§ **Listed entries**:

(* Let $X$ be a smooth complex algebraic variety with local coordinates $x_1,\dots,x_n$, $f_1,\dots,f_r\in\mathcal{O}_X(X)$, $g=\sum_{i=1}^r y_if_i$ on $X\times\mathbf A^r_y$, and $\mathcal{M}$ a left $\mathcal{D}_X$-module (underlying a mixed Hodge module). Define $\varphi\colon\mathcal{M}_g\to\Gamma_+(\mathcal{M})$ as the unique $\mathcal{O}_X$-linear map with \[ \varphi(m\,y^\alpha\partial_\xi^j\delta_g)=(-1)^{|\alpha|+j}m\,\partial_t^\alpha\delta_f\quad(m\in\mathcal{M},\alpha\in\mathbf N^r,j\in\mathbf Z). \] Then: (1) $\varphi$ is $\mathcal{D}_X$-linear; (2) $\varphi\circ\partial_\xi^k=(-1)^k\varphi$ for all $k\in\mathbf Z$; (3) $\varphi\circ y_i=-\partial_{t_i}\circ\varphi$ for all $i$; (4) $\varphi\circ\partial_{y_i}=t_i\circ\varphi$ for all $i$; (5) $\varphi\circ\theta_y=s\circ\varphi$; (6) for every $\ell\in\mathbf Z$, $\varphi|_{E^{(\ell)}}$ is an isomorphism onto $\Gamma_+(\mathcal{M})$ and satisfies $\varphi\circ s=(s-\ell)\circ\varphi$.
   Context: $\Gamma_+(\mathcal{M})=\bigoplus_{\alpha\in\mathbf N^r}\mathcal{M}\partial_t^\alpha\delta_f$ is the pushforward along the graph $X\to X\times\mathbf A^r_t$ of $(f_1,\dots,f_r)$, with $h(m\partial_t^\alpha\delta_f)=hm\partial_t^\alpha\delta_f$, $\partial_{x_i}(m\partial_t^\alpha\delta_f)=\partial_{x_i}(m)\partial_t^\alpha\delta_f-\sum_j\partial_{x_i}(f_j)m\partial_t^{\alpha+e_j}\delta_f$, $t_i(m\partial_t^\alpha\delta_f)=f_im\partial_t^\alpha\delta_f-\alpha_im\partial_t^{\alpha-e_i}\delta_f$, $\partial_{t_i}(m\partial_t^\alpha\delta_f)=m\partial_t^{\alpha+e_i}\delta_f$; on it $s=-\sum_i\partial_{t_i}t_i$. $\mathcal{M}_g=\mathcal{M}[y_1,\dots,y_r,\partial_\xi^{\pm1}]\delta_g$ is the partial microlocalization of the graph pushforward of $\mathcal{M}[y_1,\dots,y_r]$ along $g$ into $X\times\mathbf A^r_y\times\mathbf A^1_\xi$, with actions: $h\in\mathcal{O}_X$ by multiplication on $m$; $\partial_{x_i}(my^\alpha\partial_\xi^j\delta_g)=\partial_{x_i}(m)y^\alpha\partial_\xi^j\delta_g-\big(\sum_\ell\partial_{x_i}(f_\ell)my^{\alpha+e_\ell}\big)\partial_\xi^{j+1}\delta_g$; $y_i$ by multiplication; $\partial_{y_i}(my^\alpha\partial_\xi^j\delta_g)=\alpha_imy^{\alpha-e_i}\partial_\xi^j\delta_g-f_imy^\alpha\partial_\xi^{j+1}\delta_g$; $\partial_\xi(my^\alpha\partial_\xi^j\delta_g)=my^\alpha\partial_\xi^{j+1}\delta_g$; $\xi(my^\alpha\partial_\xi^j\delta_g)=gmy^\alpha\partial_\xi^j\delta_g-jmy^\alpha\partial_\xi^{j-1}\delta_g$. On it $s=-\partial_\xi\xi$ and $\theta_y=\sum_iy_i\partial_{y_i}$. For $\ell\in\mathbf Z$, $E^{(\ell)}=\ker(\theta_y-s-\ell)=\bigoplus_{|\alpha|=j+\ell}\mathcal{M}y^\alpha\partial_\xi^j\delta_g$, so $\mathcal{M}_g=\bigoplus_\ell E^{(\ell)}$. *)

theory Defs
  imports Main "HOL-Library.Function_Algebras"
begin

text \<open>The ring of functions O_X is a commutative
ring 'r with commuting derivations dO i (i < n) standing for the coordinate vector fields
d/dx_i; the left D_X-module M is an abelian group 'm with an O_X-action sm and
commuting operators dM i satisfying the Leibniz rule.\<close>

definition Dmod :: "nat \<Rightarrow> ('r::comm_ring_1 \<Rightarrow> 'm::ab_group_add \<Rightarrow> 'm)
     \<Rightarrow> (nat \<Rightarrow> 'r \<Rightarrow> 'r) \<Rightarrow> (nat \<Rightarrow> 'm \<Rightarrow> 'm) \<Rightarrow> bool" where
  "Dmod n sm dO dM \<longleftrightarrow>
     (\<forall>m. sm 1 m = m) \<and>
     (\<forall>a b m. sm (a * b) m = sm a (sm b m)) \<and>
     (\<forall>a b m. sm (a + b) m = sm a m + sm b m) \<and>
     (\<forall>a m m'. sm a (m + m') = sm a m + sm a m') \<and>
     (\<forall>i<n. \<forall>a b. dO i (a + b) = dO i a + dO i b) \<and>
     (\<forall>i<n. \<forall>a b. dO i (a * b) = dO i a * b + a * dO i b) \<and>
     (\<forall>i<n. \<forall>j<n. \<forall>a. dO i (dO j a) = dO j (dO i a)) \<and>
     (\<forall>i<n. \<forall>m m'. dM i (m + m') = dM i m + dM i m') \<and>
     (\<forall>i<n. \<forall>a m. dM i (sm a m) = sm (dO i a) m + sm a (dM i m)) \<and>
     (\<forall>i<n. \<forall>j<n. \<forall>m. dM i (dM j m) = dM j (dM i m))"

text \<open>Finitely supported sums.  An element of a direct sum indexed by 'i is a function
'i \<Rightarrow> 'm with finite support; mono_el a m is the element m placed at index a.\<close>

definition fsupp :: "('i \<Rightarrow> 'm::zero) \<Rightarrow> 'i set" where
  "fsupp F = {a. F a \<noteq> 0}"

definition mono_el :: "'i \<Rightarrow> 'm \<Rightarrow> 'i \<Rightarrow> 'm::zero" where
  "mono_el a m = (\<lambda>b. if b = a then m else 0)"

definition lin_ext :: "('i \<Rightarrow> 'm::zero \<Rightarrow> 'k \<Rightarrow> 'n::comm_monoid_add) \<Rightarrow> ('i \<Rightarrow> 'm) \<Rightarrow> 'k \<Rightarrow> 'n" where
  "lin_ext op F = (\<Sum>a\<in>fsupp F. op a (F a))"

text \<open>Multi-indices alpha in N^r are functions nat \<Rightarrow> nat vanishing from r on.\<close>
definition multi_idx :: "nat \<Rightarrow> (nat \<Rightarrow> nat) set" where
  "multi_idx r = {\<alpha>. \<forall>i\<ge>r. \<alpha> i = 0}"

§ **Problem to solve**:
Word for word, copy all of the listing above.

§ **Expected answer**:
(* Let $X$ be a smooth complex algebraic variety with local coordinates $x_1,\dots,x_n$, $f_1,\dots,f_r\in\mathcal{O}_X(X)$, $g=\sum_{i=1}^r y_if_i$ on $X\times\mathbf A^r_y$, and $\mathcal{M}$ a left $\mathcal{D}_X$-module (underlying a mixed Hodge module). Define $\varphi\colon\mathcal{M}_g\to\Gamma_+(\mathcal{M})$ as the unique $\mathcal{O}_X$-linear map with \[ \varphi(m\,y^\alpha\partial_\xi^j\delta_g)=(-1)^{|\alpha|+j}m\,\partial_t^\alpha\delta_f\quad(m\in\mathcal{M},\alpha\in\mathbf N^r,j\in\mathbf Z). \] Then: (1) $\varphi$ is $\mathcal{D}_X$-linear; (2) $\varphi\circ\partial_\xi^k=(-1)^k\varphi$ for all $k\in\mathbf Z$; (3) $\varphi\circ y_i=-\partial_{t_i}\circ\varphi$ for all $i$; (4) $\varphi\circ\partial_{y_i}=t_i\circ\varphi$ for all $i$; (5) $\varphi\circ\theta_y=s\circ\varphi$; (6) for every $\ell\in\mathbf Z$, $\varphi|_{E^{(\ell)}}$ is an isomorphism onto $\Gamma_+(\mathcal{M})$ and satisfies $\varphi\circ s=(s-\ell)\circ\varphi$.
   Context: $\Gamma_+(\mathcal{M})=\bigoplus_{\alpha\in\mathbf N^r}\mathcal{M}\partial_t^\alpha\delta_f$ is the pushforward along the graph $X\to X\times\mathbf A^r_t$ of $(f_1,\dots,f_r)$, with $h(m\partial_t^\alpha\delta_f)=hm\partial_t^\alpha\delta_f$, $\partial_{x_i}(m\partial_t^\alpha\delta_f)=\partial_{x_i}(m)\partial_t^\alpha\delta_f-\sum_j\partial_{x_i}(f_j)m\partial_t^{\alpha+e_j}\delta_f$, $t_i(m\partial_t^\alpha\delta_f)=f_im\partial_t^\alpha\delta_f-\alpha_im\partial_t^{\alpha-e_i}\delta_f$, $\partial_{t_i}(m\partial_t^\alpha\delta_f)=m\partial_t^{\alpha+e_i}\delta_f$; on it $s=-\sum_i\partial_{t_i}t_i$. $\mathcal{M}_g=\mathcal{M}[y_1,\dots,y_r,\partial_\xi^{\pm1}]\delta_g$ is the partial microlocalization of the graph pushforward of $\mathcal{M}[y_1,\dots,y_r]$ along $g$ into $X\times\mathbf A^r_y\times\mathbf A^1_\xi$, with actions: $h\in\mathcal{O}_X$ by multiplication on $m$; $\partial_{x_i}(my^\alpha\partial_\xi^j\delta_g)=\partial_{x_i}(m)y^\alpha\partial_\xi^j\delta_g-\big(\sum_\ell\partial_{x_i}(f_\ell)my^{\alpha+e_\ell}\big)\partial_\xi^{j+1}\delta_g$; $y_i$ by multiplication; $\partial_{y_i}(my^\alpha\partial_\xi^j\delta_g)=\alpha_imy^{\alpha-e_i}\partial_\xi^j\delta_g-f_imy^\alpha\partial_\xi^{j+1}\delta_g$; $\partial_\xi(my^\alpha\partial_\xi^j\delta_g)=my^\alpha\partial_\xi^{j+1}\delta_g$; $\xi(my^\alpha\partial_\xi^j\delta_g)=gmy^\alpha\partial_\xi^j\delta_g-jmy^\alpha\partial_\xi^{j-1}\delta_g$. On it $s=-\partial_\xi\xi$ and $\theta_y=\sum_iy_i\partial_{y_i}$. For $\ell\in\mathbf Z$, $E^{(\ell)}=\ker(\theta_y-s-\ell)=\bigoplus_{|\alpha|=j+\ell}\mathcal{M}y^\alpha\partial_\xi^j\delta_g$, so $\mathcal{M}_g=\bigoplus_\ell E^{(\ell)}$. *)

theory Defs
  imports Main "HOL-Library.Function_Algebras"
begin

text \<open>The ring of functions O_X is a commutative
ring 'r with commuting derivations dO i (i < n) standing for the coordinate vector fields
d/dx_i; the left D_X-module M is an abelian group 'm with an O_X-action sm and
commuting operators dM i satisfying the Leibniz rule.\<close>

definition Dmod :: "nat \<Rightarrow> ('r::comm_ring_1 \<Rightarrow> 'm::ab_group_add \<Rightarrow> 'm)
     \<Rightarrow> (nat \<Rightarrow> 'r \<Rightarrow> 'r) \<Rightarrow> (nat \<Rightarrow> 'm \<Rightarrow> 'm) \<Rightarrow> bool" where
  "Dmod n sm dO dM \<longleftrightarrow>
     (\<forall>m. sm 1 m = m) \<and>
     (\<forall>a b m. sm (a * b) m = sm a (sm b m)) \<and>
     (\<forall>a b m. sm (a + b) m = sm a m + sm b m) \<and>
     (\<forall>a m m'. sm a (m + m') = sm a m + sm a m') \<and>
     (\<forall>i<n. \<forall>a b. dO i (a + b) = dO i a + dO i b) \<and>
     (\<forall>i<n. \<forall>a b. dO i (a * b) = dO i a * b + a * dO i b) \<and>
     (\<forall>i<n. \<forall>j<n. \<forall>a. dO i (dO j a) = dO j (dO i a)) \<and>
     (\<forall>i<n. \<forall>m m'. dM i (m + m') = dM i m + dM i m') \<and>
     (\<forall>i<n. \<forall>a m. dM i (sm a m) = sm (dO i a) m + sm a (dM i m)) \<and>
     (\<forall>i<n. \<forall>j<n. \<forall>m. dM i (dM j m) = dM j (dM i m))"

text \<open>Finitely supported sums.  An element of a direct sum indexed by 'i is a function
'i \<Rightarrow> 'm with finite support; mono_el a m is the element m placed at index a.\<close>

definition fsupp :: "('i \<Rightarrow> 'm::zero) \<Rightarrow> 'i set" where
  "fsupp F = {a. F a \<noteq> 0}"

definition mono_el :: "'i \<Rightarrow> 'm \<Rightarrow> 'i \<Rightarrow> 'm::zero" where
  "mono_el a m = (\<lambda>b. if b = a then m else 0)"

definition lin_ext :: "('i \<Rightarrow> 'm::zero \<Rightarrow> 'k \<Rightarrow> 'n::comm_monoid_add) \<Rightarrow> ('i \<Rightarrow> 'm) \<Rightarrow> 'k \<Rightarrow> 'n" where
  "lin_ext op F = (\<Sum>a\<in>fsupp F. op a (F a))"

text \<open>Multi-indices alpha in N^r are functions nat \<Rightarrow> nat vanishing from r on.\<close>
definition multi_idx :: "nat \<Rightarrow> (nat \<Rightarrow> nat) set" where
  "multi_idx r = {\<alpha>. \<forall>i\<ge>r. \<alpha> i = 0}"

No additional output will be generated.